Linux Netlink

2023-03-18 17:26:01 浏览数 (1)

When you are writing a linux application that needs either kernel to userspace communications or userspace to kernel communications, the typical answer is to use ioctl and sockets.

当您编写需要内核到用户空间通信或用户空间到内核通信的 Linux 应用程序时,典型的答案是使用 ioctl 和套接字。

This is a simple mechanism for sending information down from userspace into the kernel to make requests for info, or to direct the kernel to perform an operation on behalf of the userspace application.

这是一种简单的机制,用于将信息从用户空间向下发送到内核以发出信息请求,或指示内核代表用户空间应用程序执行操作。

A good example of this type of communications between a userspace application and the kernel can be found in the venerable ethtool config application.

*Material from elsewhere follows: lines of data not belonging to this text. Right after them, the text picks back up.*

(* Let $G$ be an abelian group and $\phi:G\to\mathbb{H}$ a function with $\phi(0)=1$ and $\sup_{g\in G}|\phi(g)|=1$ satisfying, for all $a,b\in G$, $$2\,\mathrm{Re}\,\phi(b)\,\mathrm{Re}\,\phi(a)=\mathrm{Re}\,\phi(a+b)+\mathrm{Re}\,\phi(a-b),\qquad 2\,\mathrm{Re}\,\phi(b)\,\mathrm{Im}\,\phi(a)=\mathrm{Im}\,\phi(a+b)+\mathrm{Im}\,\phi(a-b).$$ Then there exists an imaginary unit $I\in\mathbb{H}$ such that $\phi(G)\subseteq\mathbb{C}_I$.
   Context: $\mathbb{H}$ is the real quaternion algebra; for $q=a_0+a_1i_1+a_2i_2+a_3i_3$, $\mathrm{Re}\,q=a_0$, $\mathrm{Im}\,q=a_1i_1+a_2i_2+a_3i_3$, $|q|=\sqrt{a_0^2+a_1^2+a_2^2+a_3^2}$. An imaginary unit is a quaternion $I$ with $\mathrm{Re}\,I=0$, $|I|=1$; $\mathbb{C}_I=\mathbb{R}\oplus I\mathbb{R}$. *)

theory Defs
  imports "HOL-Analysis.Analysis"
begin

datatype quat = Quat (qc0: real) (qc1: real) (qc2: real) (qc3: real)

definition qadd :: "quat \<Rightarrow> quat \<Rightarrow> quat" where
  "qadd p q = Quat (qc0 p + qc0 q) (qc1 p + qc1 q) (qc2 p + qc2 q) (qc3 p + qc3 q)"

definition qscale :: "real \<Rightarrow> quat \<Rightarrow> quat" where
  "qscale r q = Quat (r * qc0 q) (r * qc1 q) (r * qc2 q) (r * qc3 q)"

definition qof_real :: "real \<Rightarrow> quat" where
  "qof_real r = Quat r 0 0 0"

definition qRe :: "quat \<Rightarrow> real" where
  "qRe q = qc0 q"

definition qIm :: "quat \<Rightarrow> quat" where
  "qIm q = Quat 0 (qc1 q) (qc2 q) (qc3 q)"

definition qnorm :: "quat \<Rightarrow> real" where
  "qnorm q = sqrt ((qc0 q)^2 + (qc1 q)^2 + (qc2 q)^2 + (qc3 q)^2)"

definition imag_unit :: "quat \<Rightarrow> bool" where
  "imag_unit I \<longleftrightarrow> qRe I = 0 \<and> qnorm I = 1"

definition C_slice :: "quat \<Rightarrow> quat set" where
  "C_slice I = {qadd (qof_real x) (qscale y I) | x y. True}"

end

theory Submission
  imports Defs
begin

text \<open>Each coordinate g of Im \<phi> solves the sine equation g(a+b) = f(b) g(a) + f(a) g(b) with
f = Re \<phi>. For two such solutions g, h and fixed a, the expression g(x) h(a) - h(x) g(a) is multiplied
by f(a) under both x \<mapsto> x + a and x \<mapsto> x - a, hence equals f(a)^2 times itself. So it vanishes unless
f(a)^2 = 1, and then |\<phi>(a)| \<le> 1 already forces Im \<phi>(a) = 0. Hence all imaginary parts Im \<phi>(x) are
parallel to a single vector, whose normalisation is the required unit I.\<close>

lemma sine_addition_law:
  fixes f g :: "'a::ab_group_add \<Rightarrow> 'b::field_char_0"
  assumes "g 0 = 0" and "\<And>a b. 2 * f b * g a = g (a + b) + g (a - b)"
  shows "g (a + b) = f b * g a + f a * g b" and "g (a - b) = f b * g a - f a * g b"
proof -
  have odd: "g (- x) = - g x" for x
    using assms(2)[where a = 0 and b = x] assms(1) by (simp add: add_eq_0_iff)
  have diff: "2 * f a * g b = g (a + b) - g (a - b)"
    using assms(2)[where a = b and b = a] odd[of "a - b"] by (simp add: add.commute)
  have "2 * g (a + b) = 2 * (f b * g a + f a * g b)"
    and "2 * g (a - b) = 2 * (f b * g a - f a * g b)"
    using assms(2)[where a = a and b = b] diff by (simp_all add: algebra_simps)
  then show "g (a + b) = f b * g a + f a * g b" and "g (a - b) = f b * g a - f a * g b"
    by (metis mult_cancel_left zero_neq_numeral)+
qed

lemma sine_solutions_proportional:
  fixes f g h :: "'a::ab_group_add \<Rightarrow> 'b::field_char_0"
  assumes "g 0 = 0" and "\<And>a b. 2 * f b * g a = g (a + b) + g (a - b)"
    and "h 0 = 0" and "\<And>a b. 2 * f b * h a = h (a + b) + h (a - b)"
    and "(f a)\<^sup>2 \<noteq> 1"
  shows "g x * h a = h x * g a"
proof -
  define w where "w y = g y * h a - h y * g a" for y
  have shift_add: "w (y + a) = f a * w y" for y
    unfolding w_def sine_addition_law[OF assms(1,2)] sine_addition_law[OF assms(3,4)]
    by (simp add: algebra_simps)
  have shift_diff: "w (y - a) = f a * w y" for y
    unfolding w_def sine_addition_law[OF assms(1,2)] sine_addition_law[OF assms(3,4)]
    by (simp add: algebra_simps)
  have "w x = f a * w (x + a)"
    using shift_diff[of "x + a"] by simp
  also have "\<dots> = (f a)\<^sup>2 * w x"
    using shift_add[of x] by (simp add: power2_eq_square)
  finally have "w x = 0"
    using assms(5) by (metis mult_cancel_right1)
  then show ?thesis
    by (simp add: w_def)
qed

lemma qnorm_qscale: "qnorm (qscale r q) = \<bar>r\<bar> * qnorm q"
proof -
  have "(r * qc0 q)\<^sup>2 + (r * qc1 q)\<^sup>2 + (r * qc2 q)\<^sup>2 + (r * qc3 q)\<^sup>2
        = r\<^sup>2 * ((qc0 q)\<^sup>2 + (qc1 q)\<^sup>2 + (qc2 q)\<^sup>2 + (qc3 q)\<^sup>2)"
    by (simp add: power_mult_distrib algebra_simps)
  then show ?thesis
    by (simp add: qnorm_def qscale_def real_sqrt_mult)
qed

lemma qnorm_nonneg: "qnorm q \<ge> 0"
  by (simp add: qnorm_def)

lemma qnorm_eq_0_iff: "qnorm q = 0 \<longleftrightarrow> q = Quat 0 0 0 0"
  by (cases q) (simp add: qnorm_def add_nonneg_eq_0_iff)

lemma imag_unit_normalize:
  assumes "qIm q \<noteq> Quat 0 0 0 0"
  shows "imag_unit (qscale (1 / qnorm (qIm q)) (qIm q))"
proof -
  have "qnorm (qIm q) > 0"
    using assms qnorm_nonneg[of "qIm q"] qnorm_eq_0_iff[of "qIm q"] by linarith
  then show ?thesis
    unfolding imag_unit_def qnorm_qscale by (simp add: qRe_def qscale_def qIm_def)
qed

lemma qIm_eq_0_if_qnorm_le_1:
  assumes "qnorm q \<le> 1" and "(qRe q)\<^sup>2 = 1"
  shows "qIm q = Quat 0 0 0 0"
proof -
  have "(qc0 q)\<^sup>2 + (qc1 q)\<^sup>2 + (qc2 q)\<^sup>2 + (qc3 q)\<^sup>2 \<le> 1"
    using assms(1) by (simp add: qnorm_def)
  then have "(qc1 q)\<^sup>2 + (qc2 q)\<^sup>2 + (qc3 q)\<^sup>2 \<le> 0"
    using assms(2) by (simp add: qRe_def)
  then have "(qc1 q)\<^sup>2 = 0" "(qc2 q)\<^sup>2 = 0" "(qc3 q)\<^sup>2 = 0"
    using zero_le_power2[of "qc1 q"] zero_le_power2[of "qc2 q"] zero_le_power2[of "qc3 q"]
    by linarith+
  then show ?thesis
    by (simp add: qIm_def)
qed

definition im_parallel :: "quat \<Rightarrow> quat \<Rightarrow> bool" where
  "im_parallel p q \<longleftrightarrow>
     qc1 p * qc2 q = qc2 p * qc1 q \<and> qc2 p * qc3 q = qc3 p * qc2 q \<and> qc1 p * qc3 q = qc3 p * qc1 q"

lemma im_parallel_qscale: "im_parallel p q \<Longrightarrow> im_parallel p (qscale r q)"
  by (simp add: im_parallel_def qscale_def algebra_simps)

lemma im_parallel_qIm_iff: "im_parallel p (qIm q) \<longleftrightarrow> im_parallel p q"
  by (simp add: im_parallel_def qIm_def)

lemma im_parallel_sym: "im_parallel p q \<Longrightarrow> im_parallel q p"
  by (simp add: im_parallel_def mult.commute)

lemma im_parallel_if_qIm_eq_0: "qIm p = Quat 0 0 0 0 \<Longrightarrow> im_parallel p q"
  by (simp add: im_parallel_def qIm_def)

lemma proportional_to_unit_vector:
  fixes u1 u2 u3 v1 v2 v3 :: real
  assumes "u1\<^sup>2 + u2\<^sup>2 + u3\<^sup>2 = 1"
    and "v1 * u2 = v2 * u1" "v2 * u3 = v3 * u2" "v1 * u3 = v3 * u1"
  shows "v1 = (v1 * u1 + v2 * u2 + v3 * u3) * u1"
    and "v2 = (v1 * u1 + v2 * u2 + v3 * u3) * u2"
    and "v3 = (v1 * u1 + v2 * u2 + v3 * u3) * u3"
proof -
  let ?s = "v1 * u1 + v2 * u2 + v3 * u3"
  have "v1 - ?s * u1 = v1 * (u1\<^sup>2 + u2\<^sup>2 + u3\<^sup>2) - ?s * u1"
    using assms(1) by simp
  also have "\<dots> = u2 * (v1 * u2 - v2 * u1) + u3 * (v1 * u3 - v3 * u1)"
    by (simp add: power2_eq_square algebra_simps)
  finally show "v1 = ?s * u1"
    using assms(2,4) by simp
  have "v2 - ?s * u2 = v2 * (u1\<^sup>2 + u2\<^sup>2 + u3\<^sup>2) - ?s * u2"
    using assms(1) by simp
  also have "\<dots> = u3 * (v2 * u3 - v3 * u2) - u1 * (v1 * u2 - v2 * u1)"
    by (simp add: power2_eq_square algebra_simps)
  finally show "v2 = ?s * u2"
    using assms(2,3) by simp
  have "v3 - ?s * u3 = v3 * (u1\<^sup>2 + u2\<^sup>2 + u3\<^sup>2) - ?s * u3"
    using assms(1) by simp
  also have "\<dots> = - u1 * (v1 * u3 - v3 * u1) - u2 * (v2 * u3 - v3 * u2)"
    by (simp add: power2_eq_square algebra_simps)
  finally show "v3 = ?s * u3"
    using assms(3,4) by simp
qed

lemma im_parallel_imp_in_C_slice:
  assumes "imag_unit I" and "im_parallel q I"
  shows "q \<in> C_slice I"
proof -
  have re: "qc0 I = 0" and unit: "(qc1 I)\<^sup>2 + (qc2 I)\<^sup>2 + (qc3 I)\<^sup>2 = 1"
    using assms(1) by (auto simp: imag_unit_def qRe_def qnorm_def)
  note coords = proportional_to_unit_vector[OF unit, of "qc1 q" "qc2 q" "qc3 q"]
  let ?t = "qc1 q * qc1 I + qc2 q * qc2 I + qc3 q * qc3 I"
  have "q = qadd (qof_real (qc0 q)) (qscale ?t I)"
    using assms(2) coords re by (cases q) (auto simp: im_parallel_def qadd_def qof_real_def qscale_def)
  then show ?thesis
    unfolding C_slice_def by blast
qed

lemma im_parallel_values:
  fixes \<phi> :: "'g::ab_group_add \<Rightarrow> quat"
  assumes "\<And>x. qnorm (\<phi> x) \<le> 1" and "qIm (\<phi> 0) = Quat 0 0 0 0"
    and "\<And>a b. qscale (2 * qRe (\<phi> b)) (qIm (\<phi> a)) = qadd (qIm (\<phi> (a + b))) (qIm (\<phi> (a - b)))"
  shows "im_parallel (\<phi> x) (\<phi> a)"
proof (cases "(qRe (\<phi> a))\<^sup>2 = 1")
  case True
  with assms(1) have "qIm (\<phi> a) = Quat 0 0 0 0"
    by (rule qIm_eq_0_if_qnorm_le_1)
  then show ?thesis
    by (rule im_parallel_sym[OF im_parallel_if_qIm_eq_0])
next
  case False
  define f where "f y = qRe (\<phi> y)" for y
  have "2 * f b * qc1 (\<phi> a) = qc1 (\<phi> (a + b)) + qc1 (\<phi> (a - b))"
    and "2 * f b * qc2 (\<phi> a) = qc2 (\<phi> (a + b)) + qc2 (\<phi> (a - b))"
    and "2 * f b * qc3 (\<phi> a) = qc3 (\<phi> (a + b)) + qc3 (\<phi> (a - b))" for a b
    using assms(3)[where a = a and b = b] by (simp_all add: f_def qscale_def qadd_def qIm_def)
  moreover have "qc1 (\<phi> 0) = 0" "qc2 (\<phi> 0) = 0" "qc3 (\<phi> 0) = 0"
    using assms(2) by (simp_all add: qIm_def)
  moreover have "(f a)\<^sup>2 \<noteq> 1"
    using False by (simp add: f_def)
  ultimately show ?thesis
    unfolding im_parallel_def
    by (intro conjI sine_solutions_proportional[where f = f]) simp_all
qed

theorem mainTheorem10:
  fixes \<phi> :: "'g::ab_group_add \<Rightarrow> quat"
  assumes "\<phi> 0 = qof_real 1"
    and "bdd_above (range (\<lambda>g. qnorm (\<phi> g)))"
    and "(SUP g. qnorm (\<phi> g)) = 1"
    and "\<And>a b. 2 * qRe (\<phi> b) * qRe (\<phi> a) = qRe (\<phi> (a + b)) + qRe (\<phi> (a - b))"
    and "\<And>a b. qscale (2 * qRe (\<phi> b)) (qIm (\<phi> a)) = qadd (qIm (\<phi> (a + b))) (qIm (\<phi> (a - b)))"
  shows "\<exists>I. imag_unit I \<and> range \<phi> \<subseteq> C_slice I"
proof -
  have "qnorm (\<phi> x) \<le> 1" for x
    using cSUP_upper[OF UNIV_I assms(2)] assms(3) by simp
  moreover have "qIm (\<phi> 0) = Quat 0 0 0 0"
    using assms(1) by (simp add: qIm_def qof_real_def)
  ultimately have parallel: "im_parallel (\<phi> x) (\<phi> a)" for x a
    using assms(5) by (rule im_parallel_values)
  obtain I where "imag_unit I" and "\<forall>x. im_parallel (\<phi> x) I"
  proof (cases "\<exists>a. qIm (\<phi> a) \<noteq> Quat 0 0 0 0")
    case True
    then obtain a where "qIm (\<phi> a) \<noteq> Quat 0 0 0 0" by blast
    then show ?thesis
      using that imag_unit_normalize parallel im_parallel_qscale im_parallel_qIm_iff by blast
  next
    case False
    then have "im_parallel (\<phi> x) I" for x I
      using im_parallel_if_qIm_eq_0 by blast
    moreover have "imag_unit (Quat 0 1 0 0)"
      by (simp add: imag_unit_def qRe_def qnorm_def)
    ultimately show ?thesis
      using that by blast
  qed
  then show ?thesis
    using im_parallel_imp_in_C_slice by blast
qed

end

Here the tool itself is a userspace application that communicates via sockets to the kernel. The kernel contains the API that the application uses to perform the communications.

用户空间应用程序和内核之间这种类型的通信的一个很好的例子可以在古老的 ethtool 配置应用程序中找到。这里的工具本身是一个用户空间应用程序,它通过套接字与内核进行通信。内核包含应用程序用来执行通信的 API。

Setting a NICs channels 设置网卡通道

Let’s look at an example usecase of ethtool with a modern multi-queue network interface (NIC). Modern NICs have the hardware and ability to use multiple channels for sending & receiving packets. These take advantage of multi-core CPUs to balance the load of transmitting (Tx) and receiving (Rx) traffic. Historically all the traffic (and associated interrupts) was handled by a single core, spreading the workload across multiple cores can significantly improve performance.

让我们看一下带有现代多队列网络接口 (NIC) 的 ethtool 的示例用例。现代 NIC 具有使用多个通道发送和接收数据包的硬件和能力。它们利用多核 CPU 来平衡传输 (Tx) 和接收 (Rx) 流量的负载。从历史上看,所有流量(和相关中断)都由单个内核处理,将工作负载分散到多个内核可以显着提高性能。

How would we set the combined channel number on a NIC that supports the feature using ioctl?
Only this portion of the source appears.